Jeremy: I’ve talked about this with some friends who have heard the album and I really hope that doesn’t happen because we made this so long ago. I hope that people aren’t thinking that we’re piggybacking off current events or something. But my hope is that, with everything that’s going on, people will hear this music and it’ll just resonate with them. I hope people will be able to find things that they’re looking for when they hear this, maybe experiencing a kind of new isolation. It’s weird for me because it’s sort of written for people with similar feelings and experiences to myself. People who have maybe lived in places they didn’t think they could escape or have been in mental traps they didn’t think they could escape. And now more people can relate to that feeling. I hope that speaking to those feelings will resonate with people. I just hope it won’t come off as gimmicky or something, that would be frustrating.
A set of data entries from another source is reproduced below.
lemma tuple_concentration_finite_codim:
  fixes Y :: "'a::real_normed_vector set" and coord :: "'a \<Rightarrow> 'a \<Rightarrow> real"
  assumes P_sub: "\<And>M k. P M k \<subseteq> incr_tuples M k \<times> incr_tuples M k"
    and P_image: "\<And>e M k. strict_mono e \<Longrightarrow> P (e ` M) k \<subseteq> map_prod (map e) (map e) ` P M k"
    and "finite F"
    and coord_in: "\<And>x. x - (\<Sum>u\<in>F. coord x u *\<^sub>R u) \<in> Y"
    and "C \<ge> 0"
    and coord_le: "\<And>x u. u \<in> F \<Longrightarrow> \<bar>coord x u\<bar> \<le> C * norm x"
    and "lam \<ge> 0" "p > 0" "\<epsilon> > 0"
    and conc: "tuple_concentration P lam p Y"
  shows "tuple_concentration P (lam + \<epsilon>) p (UNIV :: 'a set)"
  unfolding tuple_concentration_def
proof (intro allI impI)
  fix k and f :: "nat list \<Rightarrow> 'a"
  assume "f ` incr_tuples UNIV k \<subseteq> UNIV \<and> bounded (f ` incr_tuples UNIV k)"
  then have bnd: "bounded (f ` incr_tuples UNIV k)" ..
  show "\<exists>M. infinite M \<and> (\<forall>(n, m) \<in> P M k. dist (f n) (f m) \<le> (lam + \<epsilon>) * lip_pnorm f k p)"
  proof (cases "lip_pnorm f k p = 0")
    case True
    then have "\<forall>(n, m) \<in> P UNIV k. dist (f n) (f m) \<le> (lam + \<epsilon>) * lip_pnorm f k p"
      using P_sub lip_pnorm_eq_0_imp_eq[OF bnd \<open>p > 0\<close>] by fastforce
    then show ?thesis by blast
  next
    case False
    then have "lip_pnorm f k p > 0" using lip_pnorm_nonneg[of f k p] by linarith
    then obtain e G \<eta> where e: "strict_mono e" and G: "range G \<subseteq> Y" "bounded (G ` incr_tuples UNIV k)"
      and close: "\<And>n m. n \<in> incr_tuples UNIV k \<Longrightarrow> m \<in> incr_tuples UNIV k \<Longrightarrow>
        dist (f (map e n)) (f (map e m)) \<le> dist (G n) (G m) + \<eta>"
      and bound: "lam * lip_pnorm G k p + \<eta> \<le> (lam + \<epsilon>) * lip_pnorm f k p"
      using approx_by_subspace_valued_with_margin[OF \<open>finite F\<close> coord_in \<open>C \<ge> 0\<close> coord_le bnd
          \<open>lam \<ge> 0\<close> \<open>p > 0\<close> \<open>\<epsilon> > 0\<close>] by metis
    from G obtain M where "infinite M"
      and GM: "\<forall>(n, m) \<in> P M k. dist (G n) (G m) \<le> lam * lip_pnorm G k p"
      using conc[unfolded tuple_concentration_def, rule_format, where k = k and f = G] by blast
    have "infinite (e ` M)"
      using \<open>infinite M\<close> finite_imageD[OF _ inj_on_subset[OF strict_mono_imp_inj_on[OF e] subset_UNIV]]
      by blast
    moreover have "\<forall>(n, m) \<in> P (e ` M) k. dist (f n) (f m) \<le> (lam + \<epsilon>) * lip_pnorm f k p"
      using pair_bound_pullback[where f = f and G = G and P = P and k = k and e = e,
          OF P_sub P_image[OF e] close GM bound] .
    ultimately show ?thesis by blast
  qed
qed
lemma tendsto_funpow_P_real_cond_exp:
  fixes f :: "'a \<Rightarrow> real"
  assumes iii: "completion_within M (Sigma_infty M \<phi>) = completion_within M (Sigma_inv M \<phi>)"
    and f: "integrable M f"
  shows "(\<lambda>n. \<integral>x. \<bar>(P ^^ n) f x - real_cond_exp M invariant_algebra f x\<bar> \<partial>M) \<longlonglongrightarrow> 0"
  using integrable_funpow_P invariant.real_cond_exp_int(1) integral_abs_diff_funpow_P_le
    invariant.integral_abs_diff_real_cond_exp_le tendsto_funpow_P_bounded[OF iii] f
  by (rule L1_tendsto_of_contractions[where T="\<lambda>n. P ^^ n"])

lemma conv_L1_funpow_P_real_cond_exp:
  assumes iii: "completion_within M (Sigma_infty M \<phi>) = completion_within M (Sigma_inv M \<phi>)"
    and f: "integrable M f"
  shows "conv_L1 M (\<lambda>n. (P ^^ n) f) (real_cond_exp M invariant_algebra f)"
  unfolding conv_L1_def using invariant.real_cond_exp_int(1)[OF f] tendsto_funpow_P_real_cond_exp[OF iii f]
  by simp

section \<open>Almost invariant sets\<close>

text \<open>If \<open>1\<^sub>A\<close> is approximated by \<open>G \<circ> \<phi>\<^sup>n\<close> and by \<open>G \<circ> \<phi>\<^sup>n\<^sup>+\<^sup>1\<close>, then \<open>1\<^sub>A\<close> is approximated by
  \<open>1\<^sub>A \<circ> \<phi>\<close> as well, because composition with \<open>\<phi>\<close> preserves \<open>L\<^sup>1\<close> distances.\<close>
lemma measure_sym_diff_vimage_eq_0:
  fixes G :: "'a \<Rightarrow> real"
  assumes A: "A \<in> sets M" and G: "integrable M G"
    and lim: "(\<lambda>n. \<integral>x. \<bar>indicator A x - G ((\<phi> ^^ n) x)\<bar> \<partial>M) \<longlonglongrightarrow> 0"
  shows "measure M ((\<phi> -` A \<inter> space M - A) \<union> (A - \<phi> -` A \<inter> space M)) = 0"
proof -
  define t where "t n = (\<integral>x. \<bar>indicator A x - G ((\<phi> ^^ n) x)\<bar> \<partial>M)" for n
  have [measurable]: "G \<in> borel_measurable M" using G by auto
  have A_int: "integrable M (indicator A :: 'a \<Rightarrow> real)" and A\<phi>_int: "integrable M (\<lambda>x. indicator A (\<phi> x) :: real)"
    using A integrable_comp_funpow[of "indicator A" 1] by auto
  have shift: "(\<integral>x. \<bar>indicator A (\<phi> x) - G ((\<phi> ^^ Suc n) x)\<bar> \<partial>M) = t n" for n
    using integral_comp_funpow[of "\<lambda>y. \<bar>indicator A y - G ((\<phi> ^^ n) y)\<bar>" 1] A
    by (simp add: t_def funpow_Suc_right del: funpow.simps)
  define d where "d = (\<integral>x. \<bar>indicator A (\<phi> x) - indicator A x\<bar> \<partial>M :: real)"
  have "d \<le> t n + t (Suc n)" for n
  proof -
    have "d \<le> (\<integral>x. \<bar>indicator A (\<phi> x) - G ((\<phi> ^^ Suc n) x)\<bar> \<partial>M)
        + (\<integral>x. \<bar>G ((\<phi> ^^ Suc n) x) - indicator A x\<bar> \<partial>M)"
      unfolding d_def by (rule integral_abs_diff_triangle[OF A\<phi>_int integrable_comp_funpow[OF G] A_int])
    then show ?thesis unfolding shift by (simp add: t_def abs_minus_commute)
  qed
  moreover have "(\<lambda>n. t n + t (Suc n)) \<longlonglongrightarrow> 0 + 0"
    using lim unfolding t_def[symmetric] by (intro tendsto_add LIMSEQ_Suc)
  ultimately have "d \<le> 0" by (intro LIMSEQ_le_const) auto
  moreover have "d = measure M ((\<phi> -` A \<inter> space M - A) \<union> (A - \<phi> -` A \<inter> space M))"
  proof -
    have "d = (\<integral>x. \<bar>indicator (\<phi> -` A \<inter> space M) x - indicator A x\<bar> \<partial>M)"
      unfolding d_def by (rule Bochner_Integration.integral_cong) (auto simp: indicator_def)
    also have "\<dots> = measure M ((\<phi> -` A \<inter> space M - A) \<union> (A - \<phi> -` A \<inter> space M))"
      using A by (intro integral_indicator_sym_diff) measurable
    finally show ?thesis .
  qed
  ultimately show ?thesis using measure_nonneg[of M] by (metis antisym)
qed

lemma null_sets_sym_diff_vimage_funpow:
  assumes A: "A \<in> sets M"
    and almost_inv: "measure M ((\<phi> -` A \<inter> space M - A) \<union> (A - \<phi> -` A \<inter> space M)) = 0"
  shows "((\<phi> ^^ n) -` A \<inter> space M - A) \<union> (A - (\<phi> ^^ n) -` A \<inter> space M) \<in> null_sets M"
proof -
  define N where "N n = ((\<phi> ^^ n) -` A \<inter> space M - A) \<union> (A - (\<phi> ^^ n) -` A \<inter> space M)" for n
  have N_sets: "N n \<in> sets M" for n unfolding N_def using A by measurable
  have N1: "N 1 \<in> null_sets M"
    using almost_inv N_sets[of 1] by (intro null_setsI_measure_eq_0) (simp_all add: N_def)
  have "N n \<in> null_sets M"
  proof (induction n)
    case 0
    then show ?case using sets.sets_into_space[OF A] by (simp add: N_def Int_absorb2)
  next
    case (Suc n)
    have "N (Suc n) \<subseteq> ((\<phi> ^^ n) -` N 1 \<inter> space M) \<union> N n"
      unfolding N_def using funpow_in_space by auto
    moreover have "(\<phi> ^^ n) -` N 1 \<inter> space M \<in> null_sets M"
    proof (rule null_setsI)
      show "emeasure M ((\<phi> ^^ n) -` N 1 \<inter> space M) = 0"
        using N1 emeasure_vimage_funpow[OF N_sets[of 1]] by auto
      show "(\<phi> ^^ n) -` N 1 \<inter> space M \<in> sets M" using N_sets[of 1] by measurable
    qed
    ultimately show ?case using Suc N_sets[of "Suc n"] null_sets.Un null_sets_subset by metis
  qed
  then show ?thesis unfolding N_def .
qed
lemma independent_ebas: "\<not> M.dependent (range (ebas :: 'n \<Rightarrow> 'n \<Rightarrow> complex))"
  unfolding V.independent_explicit_finite_subsets
proof (intro allI impI ballI)
  fix S u v
  assume S: "S \<subseteq> range (ebas :: 'n \<Rightarrow> 'n \<Rightarrow> complex)" "finite S"
    and eq: "(\<Sum>v\<in>S. smul (u v) v) = 0" and v: "v \<in> S"
  then obtain i where vi: "v = ebas i" by auto
  have "0 = (\<Sum>w\<in>S. u w * w i)"
    using fun_cong[OF eq, of i] by (simp add: sum_apply smul_def)
  also have "\<dots> = (\<Sum>w\<in>{v}. u w * w i)"
  proof (intro sum.mono_neutral_right ballI)
    fix w assume w: "w \<in> S - {v}"
    then obtain j where "w = ebas j" using S(1) by auto
    with w show "u w * w i = 0" by (auto simp: vi ebas_def)
  qed (use S v in auto)
  finally show "u v = 0" by (simp add: vi ebas_def)
qed

interpretation FD: finite_dimensional_vector_space
  "smul :: complex \<Rightarrow> ('n::finite \<Rightarrow> complex) \<Rightarrow> _" "range ebas"
proof
  have "x \<in> M.span (range ebas)" for x :: "'n \<Rightarrow> complex"
    by (subst ebas_expansion) (intro M.span_sum M.span_scale M.span_base rangeI)
  then show "M.span (range (ebas :: 'n \<Rightarrow> 'n \<Rightarrow> complex)) = UNIV" by auto
qed (simp_all add: independent_ebas)

lemma lin_module_hom: "lin f \<Longrightarrow> module_hom smul smul f"
  by unfold_locales (simp_all add: lin_def vadd_eq)

lemma lin_ebas_expansion:
  fixes f :: "('n::finite \<Rightarrow> 'r::comm_ring_1) \<Rightarrow> ('n \<Rightarrow> 'r)"
  assumes "lin f"
  shows "f v = (\<Sum>l\<in>UNIV. smul (v l) (f (ebas l)))"
proof -
  interpret module_hom smul smul f using assms by (rule lin_module_hom)
  show ?thesis by (subst ebas_expansion[of v]) (simp add: sum scale)
qed

lemma blin_lin_left: "blin m \<Longrightarrow> lin (\<lambda>x. m x y)"
  by (simp add: blin_def lin_def)

lemma blin_lin_right: "blin m \<Longrightarrow> lin (m x)"
  by (simp add: blin_def lin_def)

lemma blinI:
  assumes "\<And>x y z. m (x + y) z = m x z + m y z" "\<And>x y z. m x (y + z) = m x y + m x z"
    "\<And>c x y. m (smul c x) y = smul c (m x y)" "\<And>c x y. m x (smul c y) = smul c (m x y)"
  shows "blin m"
  using assms by (simp add: blin_def vadd_eq)

context
  fixes m :: "('n \<Rightarrow> 'r::comm_ring_1) \<Rightarrow> ('n \<Rightarrow> 'r) \<Rightarrow> ('n \<Rightarrow> 'r)"
  assumes m: "blin m"
begin
lemma Pow_eq_Union_tree_intervals:
  "Pow E = (\<Union>T\<in>{T. spanning_tree V inc E T}. tree_interval T)"
proof
  show "Pow E \<subseteq> (\<Union>T\<in>{T. spanning_tree V inc E T}. tree_interval T)"
    using spanning_tree_tree_of_full_run mem_tree_interval_tree_of_full_run by blast
  show "(\<Union>T\<in>{T. spanning_tree V inc E T}. tree_interval T) \<subseteq> Pow E"
  proof
    fix S assume "S \<in> (\<Union>T\<in>{T. spanning_tree V inc E T}. tree_interval T)"
    then obtain T where "spanning_tree V inc E T" "S \<in> tree_interval T" by blast
    then show "S \<in> Pow E"
      using active_subset_edges[of T] by (auto simp: mem_tree_interval_iff spanning_tree_def)
  qed
qed

lemma tree_intervals_disjoint:
  assumes "spanning_tree V inc E T1" and "spanning_tree V inc E T2" and "T1 \<noteq> T2"
  shows "tree_interval T1 \<inter> tree_interval T2 = {}"
proof (rule ccontr)
  assume "tree_interval T1 \<inter> tree_interval T2 \<noteq> {}"
  then obtain S where "S \<in> tree_interval T1" "S \<in> tree_interval T2" by blast
  then have "full_run T1 = full_run T2" using full_run_eq_if_mem_tree_interval by metis
  then have "T1 = T2" using tree_of_full_run_spanning_tree assms(1,2) by metis
  with assms(3) show False ..
qed

end

theorem theorem13p3p1:
  fixes V :: "'v set" and E :: "'e set" and inc :: "'e \<Rightarrow> 'v \<times> 'v" and lab :: "bool list \<Rightarrow> 'e"
  assumes "is_graph V inc E" and "connected_graph V inc E" and "E \<noteq> {}"
    and "decision_tree E lab"
  shows "Pow E = (\<Union>T\<in>{T. spanning_tree V inc E T}.
            interval (T - internally_active V inc E lab T) (T \<union> externally_active V inc E lab T))
    \<and> (\<forall>T1 T2. spanning_tree V inc E T1 \<longrightarrow> spanning_tree V inc E T2 \<longrightarrow> T1 \<noteq> T2 \<longrightarrow>
           interval (T1 - internally_active V inc E lab T1) (T1 \<union> externally_active V inc E lab T1)
         \<inter> interval (T2 - internally_active V inc E lab T2) (T2 \<union> externally_active V inc E lab T2) = {})"
proof -
  interpret graph_with_decision_tree V inc E lab
    using assms(1,2,4) by unfold_locales
  show ?thesis
    unfolding tree_interval_def[symmetric]
    by (intro conjI allI impI Pow_eq_Union_tree_intervals tree_intervals_disjoint)
qed

end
Jeremy, you especially have been pretty vocal about this. Do you have anything to say to other artists who are dealing with delays and basically everything being on fire?
Jeremy: I would say don’t rush anything. I feel like there’s this huge wave suddenly of people throwing their hands up and being like “well can’t do anything anymore, just gonna push this thing out”. And I’d just really hate to see that. Taking your time to really be happy with what you’ve made is the most important thing. Rushing to try and please other people or to show it off before it’s ready or whatever it is. Whatever pressure you feel to finish your creative project, just take your time and make sure you’re really happy with it before you put it out. The situation that we’re in doesn’t change that. It doesn’t change how you should feel about the thing you’ve made. That’s my advice [laughs].
Seth: Specifically with music, no one can tour right now so putting out an album and not being able to tour behind it is scary and a new way the music industry is being forced to evolve into. Which is scary, but things change.
Jeremy: With not being able to tour and play shows right now you can actually take more time on things. And you have to sort of rethink the process of how you put music out now. And I just wanna shout out our label, Forged Artifacts, it’s always a gamble to sink your money into a DIY band but they’re great and amidst all this craziness they’re being really supportive and I just feel really grateful to have them on our side. Thanks Matt! And that’s it!
Double Grave’s new album – Goodbye, Nowhere! – is out on 7th August through Forged Artefacts.